Did the auction participants overpay by $2 billion?

loonieWe’ve been following the developments of the Canadian Wireless Spectrum Auction since it started. It’s actually impressive to see the ongoing saga unfold just like an episode of “As the World Turns”.

Over the past year or so we’ve seen Rogers, Bell and TELUS somewhat reduce their prices (this could be an economy thing), their sub brands have removed the System Access Fees, but more importantly have had their share of time commenting on the new Canadian players: Globalive, DAVE Wireless and Public Mobile.

The new incumbent Gobalive seems to be the main target by the Big 3. Perhaps it could be from the $442 they paid and literally came out of left field. There has been concerns about the Bell, Rogers and TELUS sharing their towers and more recently about how much foreign ownership they actually have. Globalive CEO Tony Lacavera says these are just “challenges” they will overcome.

Public Mobile and DAVE Wireless are the quiet ones. Public Mobile, who recently revealed their distribution channel only spent $53 million in the auction. They will offer to value conscious Canadians a $40 monthly “unlimited flat-rate talk and text package, with no term commitment, no credit checks, no fine print and no surprises”. Even at the 2009 Canadian Telecom Summit last week Public Mobile CEO Alec Krstajic stated that his competition, because of the spectrum be bought, is not the old or new carriers: “The reality is, here is what you guys will do, if you go up at the upper end of the market to what I call over-served, you will have a situation where you will cause pricing to be more competitive, they will become more competitive, they will drop their prices to compete with you… If you look and smell like an incumbent you cause them to become more competitive and they make it really tough, they’ll put their foot on your throat”.

DAVE Wireless (they will be changing their name before officially launching) spent $243.1-million during the auction will offer phones with no-contract, unlimited voice & text messaging, free voice mail and long distance within Canada. Sounds familiar and much like current offerings. The good news for DAVE wireless is that have announced a couple key pieces of news. First, their device lineup will include BlackBerry and Android devices. Very good way to start a new wireless brand. In addition, they’ve recently signed a partnership with T-Mobile in the States for all their roaming. So even though you don’t hear too much drama unfold from DAVE Wireless, they are flying so far under the radar now that I’m sure we will all be shocked when they officially roll out. This is just how John Bitove operates.
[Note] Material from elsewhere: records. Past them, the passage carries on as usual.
lemma zero_sum_potential_ordinal:
  assumes "zero_sum_potential A B \<Phi>"
  shows "ordinal_potential A B \<Phi>"
proof -
  obtain e g and f h :: "3 \<Rightarrow> real" where "e > 0" "g > 0"
    and \<Phi>: "\<forall>i j. \<Phi> (i, j) = e * A$i$j + f j \<and> \<Phi> (i, j) = - (g * B$i$j + h i)"
    using assms unfolding zero_sum_potential_def by blast
  have \<Phi>_A: "\<Phi> (i, j) = e * A$i$j + f j" and \<Phi>_B: "\<Phi> (i, j) = - (g * B$i$j + h i)" for i j
    using \<Phi> by blast+
  have "A$i$j < A$i'$j \<longleftrightarrow> \<Phi> (i, j) < \<Phi> (i', j)" for i i' j
    using \<open>e > 0\<close> by (simp only: \<Phi>_A) simp
  moreover have "B$i$j < B$i$j' \<longleftrightarrow> \<Phi> (i, j') < \<Phi> (i, j)" for i j j'
    using \<open>g > 0\<close> by (simp only: \<Phi>_B) simp
  ultimately show ?thesis
    unfolding ordinal_potential_def by blast
qed

lemma zero_sum_potential_averages_eq:
  assumes pot: "zero_sum_potential A B \<Phi>" and ne: "nash A B p q"
    and p_pos: "\<forall>i. 0 < p$i" and q_pos: "\<forall>j. 0 < q$j"
  shows "(\<Sum>j\<in>UNIV. \<Phi> (a, j) * q$j) = (\<Sum>i\<in>UNIV. p$i * \<Phi> (i, b))"
proof -
  obtain e g and f h :: "3 \<Rightarrow> real"
    where \<Phi>: "\<forall>i j. \<Phi> (i, j) = e * A$i$j + f j \<and> \<Phi> (i, j) = - (g * B$i$j + h i)"
    using pot unfolding zero_sum_potential_def by blast
  have \<Phi>_A: "\<Phi> (i, j) = e * A$i$j + f j" and \<Phi>_B: "\<Phi> (i, j) = - (g * B$i$j + h i)" for i j
    using \<Phi> by blast+
  have row: "(\<Sum>j\<in>UNIV. \<Phi> (a', j) * q$j) = e * payoff A p q + (\<Sum>j\<in>UNIV. f j * q$j)" for a'
  proof -
    have "(\<Sum>j\<in>UNIV. \<Phi> (a', j) * q$j) = e * (\<Sum>j\<in>UNIV. A$a'$j * q$j) + (\<Sum>j\<in>UNIV. f j * q$j)"
      by (simp add: \<Phi>_A algebra_simps sum.distrib sum_distrib_left)
    then show ?thesis
      using BR_A_interior_indifferent[of p A q a'] ne p_pos by (simp add: nash_def)
  qed
  have col: "(\<Sum>i\<in>UNIV. p$i * \<Phi> (i, b')) = - (g * payoff B p q + (\<Sum>i\<in>UNIV. p$i * h i))" for b'
  proof -
    have "p$i * \<Phi> (i, b') = - (g * (p$i * B$i$b') + p$i * h i)" for i
      by (simp add: \<Phi>_B algebra_simps)
    then have "(\<Sum>i\<in>UNIV. p$i * \<Phi> (i, b')) = - (g * (\<Sum>i\<in>UNIV. p$i * B$i$b') + (\<Sum>i\<in>UNIV. p$i * h i))"
      by (simp add: sum_subtractf sum_negf sum_distrib_left)
    then show ?thesis
      using BR_B_interior_indifferent[of q B p b'] ne q_pos by (simp add: nash_def)
  qed
  have "e * payoff A p q + (\<Sum>j\<in>UNIV. f j * q$j) = - (g * payoff B p q + (\<Sum>i\<in>UNIV. p$i * h i))"
  proof (rule row_average_eq_column_average[of "($) p" "($) q" "\<lambda>i j. \<Phi> (i, j)"])
    show "sum (($) p) UNIV = 1" "sum (($) q) UNIV = 1"
      using ne by (auto simp: nash_def simplex3_sum)
  qed (simp_all only: row col)
  then show ?thesis
    by (simp add: row col)
qed
lemma complementation: "poset_with_complementation P le c zero one"
proof (rule poset_with_complementationI[OF bounded])
  fix x assume "x \<in> P"
  then obtain a where a: "a \<in> Lam" "x \<in> Q a" using in_component by blast
  then show "c x \<in> P" using compl_in_component component_subset by blast
  show "c (c x) = x" using dm_orthoposet.compl_compl[OF component_orthoposet] a by blast
  show "x = zero" if "le x (c x)"
    using dm_orthoposet.le_compl_self[OF component_orthoposet] compl_in_component a that by blast
next
  fix x y assume "x \<in> P" "y \<in> P" "le x y"
  then show "le (c y) (c x)"
    using le_common_component dm_orthoposet.compl_antimono[OF component_orthoposet] by blast
qed

sublocale dm_orthoposet P le c zero one
  by unfold_locales (rule complementation)

lemma ubs_across_components:
  assumes a: "a \<in> Lam" and b: "b \<in> Lam" and ab: "a \<noteq> b"
    and x: "x \<in> Q a" "x \<noteq> zero" "x \<noteq> one"
    and y: "y \<in> Q b" "y \<noteq> zero" "y \<noteq> one"
  shows "U {x, y} = {one}"
proof -
  have "w = one" if w: "w \<in> U {x, y}" for w
  proof (rule ccontr)
    assume w_one: "w \<noteq> one"
    have xy: "x \<in> P" "y \<in> P" using x y a b component_subset by blast+
    have "w \<in> P" "le x w" "le y w" using w by (auto simp: ubs_iff)
    moreover have "w \<noteq> zero" using \<open>le x w\<close> xy x antisym_le zero_le zero_in_P by blast
    ultimately have "w \<in> Q a" "w \<in> Q b"
      using le_common_component[of x w] le_common_component[of y w] xy
        component_unique[of _ a x] component_unique[of _ b y] a b x y by metis+
    then show False using component_unique[OF a b] \<open>w \<noteq> zero\<close> w_one ab by blast
  qed
  moreover have "one \<in> U {x, y}"
    using x y a b component_subset le_one one_in_P by (auto simp: ubs_iff)
  ultimately show ?thesis by blast
qed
With all this being said, The Star reports that Rogers, Bell and Telus now say there’s evidence that shows the federal government’s actions to open up the Auction to new entrants may have actually hurt the $12.7 billion industry. In a report filed to Industry Canada says the government encouraged “gaming” to drive up auction bids for a record total of $4.46 billion. Michael Hennessy, TELUS SVP of regulatory and government affairs said that they have done an Independen study that shows “auction participants overpaid by as much as $2 billion for spectrum compared to what similar slices of airwaves have fetched in other countries, including the United States.” With overpaying, Hennessy says “This will push the industry back into a cumulative cash flow negative position for a number years”. Stating that the extra money should have been spent on building rural and remote regions, not areas urban areas with good coverage. “It’s very unclear now what the business case will be for the new entrants given that they are going to enter with plans that, to me, are reflective of the status quo” Hennessy said.

TELUS has been the most outspoken by far, but Bell stated in the filing that any failure of any of the new carriers is a “strong indication” that the Canadian wireless market cannot support more than three carriers. This all comes down to competition. New carriers coming into old territory. I mean if I was one of the carriers and these new kids came on the block I would do everything in my power to stall and capture as much business as I could before they get customer number 1.

Overpaying or not, the new players are coming fast, strong and with a great deal of fresh confidence. Will you be giving them a go?